Exercise details.
All of the data is to be copied word for word.

START Given information

section \<open>Necessary conditions for periodic complementary sets\<close>

text \<open>Comparing the shift-1 condition with the congruence above: p N is
  divisible by 4 for every PCS_p^N with N at least 2.\<close>

lemma PCS_length_divisibility:
  assumes P: "is_PCS p N as" and N: "2 \<le> N"
  shows "4 dvd p * N"
proof -
  have b: "binary_seq N (as k)" if "k < p" for k
    using P that unfolding is_PCS_def by blast
  have "(\<Sum>k<p. pacf N (as k) 1) = 0"
    using P N unfolding is_PCS_def by simp
  then have "int p * int N = - (\<Sum>k<p. pacf N (as k) 1 - int N)"
    by (simp add: sum_subtractf)
  moreover have "4 dvd (\<Sum>k<p. pacf N (as k) 1 - int N)"
    using pacf_congruent_length[OF b] N by (intro dvd_sum) simp
  ultimately have "(4::int) dvd int (p * N)" by simp
  then show ?thesis by presburger
qed

text \<open>Summing the defining condition over all shifts: the squares of the row
  sums of a PCS_p^N add up to p N.\<close>

lemma PCS_row_sums_squares:
  assumes P: "is_PCS p N as" and N: "0 < N"
  shows "(\<Sum>k<p. (\<Sum>j<N. as k j)\<^sup>2) = int p * int N"
proof -
  obtain M where M: "N = Suc M" using N by (cases N) auto
  have b: "binary_seq N (as k)" if "k < p" for k
    using P that unfolding is_PCS_def by blast
  have "(\<Sum>k<p. (\<Sum>j<N. as k j)\<^sup>2) = (\<Sum>i<N. \<Sum>k<p. pacf N (as k) i)"
    by (subst sum.swap) (simp add: sum_pacf_square[OF N])
  also have "\<dots> = (\<Sum>k<p. pacf N (as k) 0) + (\<Sum>i<M. \<Sum>k<p. pacf N (as k) (Suc i))"
    unfolding M by (rule sum.lessThan_Suc_shift)
  also have "(\<Sum>i<M. \<Sum>k<p. pacf N (as k) (Suc i)) = 0"
    using P M unfolding is_PCS_def by (intro sum.neutral) auto
  also have "(\<Sum>k<p. pacf N (as k) 0) = (\<Sum>k<p. int N)"
    using pacf_zero[OF b] by (intro sum.cong) auto
  finally show ?thesis by simp
qed

text \<open>For even N every row sum is even, so p N is four times a sum of p squares.\<close>

lemma PCS_even_length_squares:
  assumes P: "is_PCS p N as" and N: "0 < N" "even N"
  obtains t where "int p * int N = 4 * (\<Sum>k<p. (t k)\<^sup>2)"
proof -
  define s where "s k = (\<Sum>j<N. as k j)" for k
  have even_sum: "even (s k)" if "k < p" for k
  proof -
    have "2 dvd (int N - s k)"
      using P that binary_seq_sum_parity unfolding is_PCS_def s_def by blast
    with N(2) show ?thesis by (simp add: dvd_diff_commute dvd_add_right_iff)
  qed
  have "(s k)\<^sup>2 = 4 * (s k div 2)\<^sup>2" if k: "k < p" for k
  proof -
    obtain m where "s k = 2 * m" using even_sum[OF k] by (rule evenE)
    then show ?thesis by (simp add: power_mult_distrib)
  qed
  then have "(\<Sum>k<p. (s k)\<^sup>2) = 4 * (\<Sum>k<p. (s k div 2)\<^sup>2)"
    by (simp add: sum_distrib_left)
  with PCS_row_sums_squares[OF P N(1)] show ?thesis
    using that unfolding s_def by metis
qed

END Given information

Response area.
section \<open>Necessary conditions for periodic complementary sets\<close>

text \<open>Comparing the shift-1 condition with the congruence above: p N is
  divisible by 4 for every PCS_p^N with N at least 2.\<close>

lemma PCS_length_divisibility:
  assumes P: "is_PCS p N as" and N: "2 \<le> N"
  shows "4 dvd p * N"
proof -
  have b: "binary_seq N (as k)" if "k < p" for k
    using P that unfolding is_PCS_def by blast
  have "(\<Sum>k<p. pacf N (as k) 1) = 0"
    using P N unfolding is_PCS_def by simp
  then have "int p * int N = - (\<Sum>k<p. pacf N (as k) 1 - int N)"
    by (simp add: sum_subtractf)
  moreover have "4 dvd (\<Sum>k<p. pacf N (as k) 1 - int N)"
    using pacf_congruent_length[OF b] N by (intro dvd_sum) simp
  ultimately have "(4::int) dvd int (p * N)" by simp
  then show ?thesis by presburger
qed

text \<open>Summing the defining condition over all shifts: the squares of the row
  sums of a PCS_p^N add up to p N.\<close>

lemma PCS_row_sums_squares:
  assumes P: "is_PCS p N as" and N: "0 < N"
  shows "(\<Sum>k<p. (\<Sum>j<N. as k j)\<^sup>2) = int p * int N"
proof -
  obtain M where M: "N = Suc M" using N by (cases N) auto
  have b: "binary_seq N (as k)" if "k < p" for k
    using P that unfolding is_PCS_def by blast
  have "(\<Sum>k<p. (\<Sum>j<N. as k j)\<^sup>2) = (\<Sum>i<N. \<Sum>k<p. pacf N (as k) i)"
    by (subst sum.swap) (simp add: sum_pacf_square[OF N])
  also have "\<dots> = (\<Sum>k<p. pacf N (as k) 0) + (\<Sum>i<M. \<Sum>k<p. pacf N (as k) (Suc i))"
    unfolding M by (rule sum.lessThan_Suc_shift)
  also have "(\<Sum>i<M. \<Sum>k<p. pacf N (as k) (Suc i)) = 0"
    using P M unfolding is_PCS_def by (intro sum.neutral) auto
  also have "(\<Sum>k<p. pacf N (as k) 0) = (\<Sum>k<p. int N)"
    using pacf_zero[OF b] by (intro sum.cong) auto
  finally show ?thesis by simp
qed

text \<open>For even N every row sum is even, so p N is four times a sum of p squares.\<close>

lemma PCS_even_length_squares:
  assumes P: "is_PCS p N as" and N: "0 < N" "even N"
  obtains t where "int p * int N = 4 * (\<Sum>k<p. (t k)\<^sup>2)"
proof -
  define s where "s k = (\<Sum>j<N. as k j)" for k
  have even_sum: "even (s k)" if "k < p" for k
  proof -
    have "2 dvd (int N - s k)"
      using P that binary_seq_sum_parity unfolding is_PCS_def s_def by blast
    with N(2) show ?thesis by (simp add: dvd_diff_commute dvd_add_right_iff)
  qed
  have "(s k)\<^sup>2 = 4 * (s k div 2)\<^sup>2" if k: "k < p" for k
  proof -
    obtain m where "s k = 2 * m" using even_sum[OF k] by (rule evenE)
    then show ?thesis by (simp add: power_mult_distrib)
  qed
  then have "(\<Sum>k<p. (s k)\<^sup>2) = 4 * (\<Sum>k<p. (s k div 2)\<^sup>2)"
    by (simp add: sum_distrib_left)
  with PCS_row_sums_squares[OF P N(1)] show ?thesis
    using that unfolding s_def by metis
qed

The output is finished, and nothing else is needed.